(* Let $(m,n)$ be relatively prime non-negative integers, $\mathscr{L}$ an $(m,n)$-periodic higher spin vertex configuration and $\mathcal{A}=\mathcal{A}(\mathscr{L})$. Let $\underline{i}=i_1\cdots i_\ell$ be a finite sequence with entries in $\{1,2\}$ and $\lambda\in\mathbb{Z}$. Then the following are equivalent: (i) $X(\underline{i})^\ast X(\underline{i})$ (an element of $\mathbb{C}[H]$) belongs to the principal ideal $(H-\lambda)$ of $\mathbb{C}[H]$; (ii) the based face path $\bar\pi(\underline{i},\lambda)$ intersects an edge in $\overline{\mathscr{L}}$.
   Context: Noncommutative Kleinian fiber product: $\tilde{\mathcal{A}}_{\alpha_1,\alpha_2}(p_1,p_2)$ is generated by $H,X_1^\pm,X_2^\pm$ with relations ($i=1,2$) $HX_i^\pm-X_i^\pm H=\pm\alpha_iX_i^\pm$, $X_i^+X_i^-=p_i(H-\alpha_i/2)$, $X_i^-X_i^+=p_i(H+\alpha_i/2)$, $X_1^+X_2^-=X_2^-X_1^+$, $X_1^-X_2^+=X_2^+X_1^-$; $\mathcal{A}_{\alpha_1,\alpha_2}(p_1,p_2)$ is its quotient by the ideal of all $a$ with $f(H)a=0$ for some nonzero polynomial $f$. It has the anti-involution $\ast$ with $H^\ast=H$, $(X_i^\pm)^\ast=X_i^\mp$, and is $\mathbb{Z}^2$-graded ($\deg H=0$, $\deg X_i^\pm=\pm\mathbf{e}_i$) with degree-zero part $\mathbb{C}[H]$. Configurations: $E_1=\mathbb{Z}^2+(1/2,0)$, $E_2=\mathbb{Z}^2+(0,1/2)$, $E=E_1\cup E_2$, $V=\mathbb{Z}^2+(1/2,1/2)$, $\Gamma_{m,n}=\mathbb{Z}(m,n)$. An $(m,n)$-periodic higher spin vertex configuration is $\mathscr{L}:E\to\mathbb{N}$ with $\mathscr{L}(e+(m,n))=\mathscr{L}(e)$, $\mathscr{L}(e+k(-n,m))=0$ for $|k|\gg0$ (each $e$), and $\mathscr{L}(v-(1/2,0))+\mathscr{L}(v-(0,1/2))=\mathscr{L}(v+(1/2,0))+\mathscr{L}(v+(0,1/2))$ ($v\in V$). With $(\alpha_1,\alpha_2)=(-n,m)$: $P_i^{\mathscr{L}}(u)=\prod_{(x_1,x_2)+\Gamma_{m,n}\in E_i/\Gamma_{m,n}}(u-(x_1\alpha_1+x_2\alpha_2))^{\mathscr{L}(x_1,x_2)}$, $\mathcal{A}(\mathscr{L})=\mathcal{A}_{-n,m}(P_1^{\mathscr{L}},P_2^{\mathscr{L}})$. For $e=(x_1,x_2)\in E_i$, $[e]=\{a\in\mathbb{R}^2:a_i=x_i,|a_{3-i}-x_{3-i}|\le1/2\}$; $\mathbb{T}_{m,n}=\mathbb{R}^2/\Gamma_{m,n}$; $\overline{\mathscr{L}}$ is the image of $\bigcup_{\mathscr{L}(e)>0}[e]$ in $\mathbb{T}_{m,n}$. $X(\underline{i})=X_{i_\ell}^+\cdots X_{i_1}^+$. For $\lambda\in\mathbb{Z}$, $\bar\lambda=(x_1,x_2)+\Gamma_{m,n}$ for any $(x_1,x_2)\in\mathbb{Z}^2$ with $-nx_1+mx_2=\lambda$. The based face path $\bar\pi(\underline{i},\lambda)\subset\mathbb{T}_{m,n}$ is the union of the segments $[\bar\lambda+\mathbf{e}_{i_1}+\cdots+\mathbf{e}_{i_{r-1}},\ \bar\lambda+\mathbf{e}_{i_1}+\cdots+\mathbf{e}_{i_r}]$, $r=1,\dots,\ell$, where $\mathbf{e}_1=(1,0)$, $\mathbf{e}_2=(0,1)$ act by translation on $\mathbb{T}_{m,n}$. *)

theory Defs
  imports "HOL-Analysis.Analysis" "HOL-Computational_Algebra.Polynomial"
begin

● ● ●

* **Task instructions**: A faithful, word-for-word copy of the data is the expected answer.

* **Expected answer**:
(* Let $(m,n)$ be relatively prime non-negative integers, $\mathscr{L}$ an $(m,n)$-periodic higher spin vertex configuration and $\mathcal{A}=\mathcal{A}(\mathscr{L})$. Let $\underline{i}=i_1\cdots i_\ell$ be a finite sequence with entries in $\{1,2\}$ and $\lambda\in\mathbb{Z}$. Then the following are equivalent: (i) $X(\underline{i})^\ast X(\underline{i})$ (an element of $\mathbb{C}[H]$) belongs to the principal ideal $(H-\lambda)$ of $\mathbb{C}[H]$; (ii) the based face path $\bar\pi(\underline{i},\lambda)$ intersects an edge in $\overline{\mathscr{L}}$.
   Context: Noncommutative Kleinian fiber product: $\tilde{\mathcal{A}}_{\alpha_1,\alpha_2}(p_1,p_2)$ is generated by $H,X_1^\pm,X_2^\pm$ with relations ($i=1,2$) $HX_i^\pm-X_i^\pm H=\pm\alpha_iX_i^\pm$, $X_i^+X_i^-=p_i(H-\alpha_i/2)$, $X_i^-X_i^+=p_i(H+\alpha_i/2)$, $X_1^+X_2^-=X_2^-X_1^+$, $X_1^-X_2^+=X_2^+X_1^-$; $\mathcal{A}_{\alpha_1,\alpha_2}(p_1,p_2)$ is its quotient by the ideal of all $a$ with $f(H)a=0$ for some nonzero polynomial $f$. It has the anti-involution $\ast$ with $H^\ast=H$, $(X_i^\pm)^\ast=X_i^\mp$, and is $\mathbb{Z}^2$-graded ($\deg H=0$, $\deg X_i^\pm=\pm\mathbf{e}_i$) with degree-zero part $\mathbb{C}[H]$. Configurations: $E_1=\mathbb{Z}^2+(1/2,0)$, $E_2=\mathbb{Z}^2+(0,1/2)$, $E=E_1\cup E_2$, $V=\mathbb{Z}^2+(1/2,1/2)$, $\Gamma_{m,n}=\mathbb{Z}(m,n)$. An $(m,n)$-periodic higher spin vertex configuration is $\mathscr{L}:E\to\mathbb{N}$ with $\mathscr{L}(e+(m,n))=\mathscr{L}(e)$, $\mathscr{L}(e+k(-n,m))=0$ for $|k|\gg0$ (each $e$), and $\mathscr{L}(v-(1/2,0))+\mathscr{L}(v-(0,1/2))=\mathscr{L}(v+(1/2,0))+\mathscr{L}(v+(0,1/2))$ ($v\in V$). With $(\alpha_1,\alpha_2)=(-n,m)$: $P_i^{\mathscr{L}}(u)=\prod_{(x_1,x_2)+\Gamma_{m,n}\in E_i/\Gamma_{m,n}}(u-(x_1\alpha_1+x_2\alpha_2))^{\mathscr{L}(x_1,x_2)}$, $\mathcal{A}(\mathscr{L})=\mathcal{A}_{-n,m}(P_1^{\mathscr{L}},P_2^{\mathscr{L}})$. For $e=(x_1,x_2)\in E_i$, $[e]=\{a\in\mathbb{R}^2:a_i=x_i,|a_{3-i}-x_{3-i}|\le1/2\}$; $\mathbb{T}_{m,n}=\mathbb{R}^2/\Gamma_{m,n}$; $\overline{\mathscr{L}}$ is the image of $\bigcup_{\mathscr{L}(e)>0}[e]$ in $\mathbb{T}_{m,n}$. $X(\underline{i})=X_{i_\ell}^+\cdots X_{i_1}^+$. For $\lambda\in\mathbb{Z}$, $\bar\lambda=(x_1,x_2)+\Gamma_{m,n}$ for any $(x_1,x_2)\in\mathbb{Z}^2$ with $-nx_1+mx_2=\lambda$. The based face path $\bar\pi(\underline{i},\lambda)\subset\mathbb{T}_{m,n}$ is the union of the segments $[\bar\lambda+\mathbf{e}_{i_1}+\cdots+\mathbf{e}_{i_{r-1}},\ \bar\lambda+\mathbf{e}_{i_1}+\cdots+\mathbf{e}_{i_r}]$, $r=1,\dots,\ell$, where $\mathbf{e}_1=(1,0)$, $\mathbf{e}_2=(0,1)$ act by translation on $\mathbb{T}_{m,n}$. *)

theory Defs
  imports "HOL-Analysis.Analysis" "HOL-Computational_Algebra.Polynomial"
begin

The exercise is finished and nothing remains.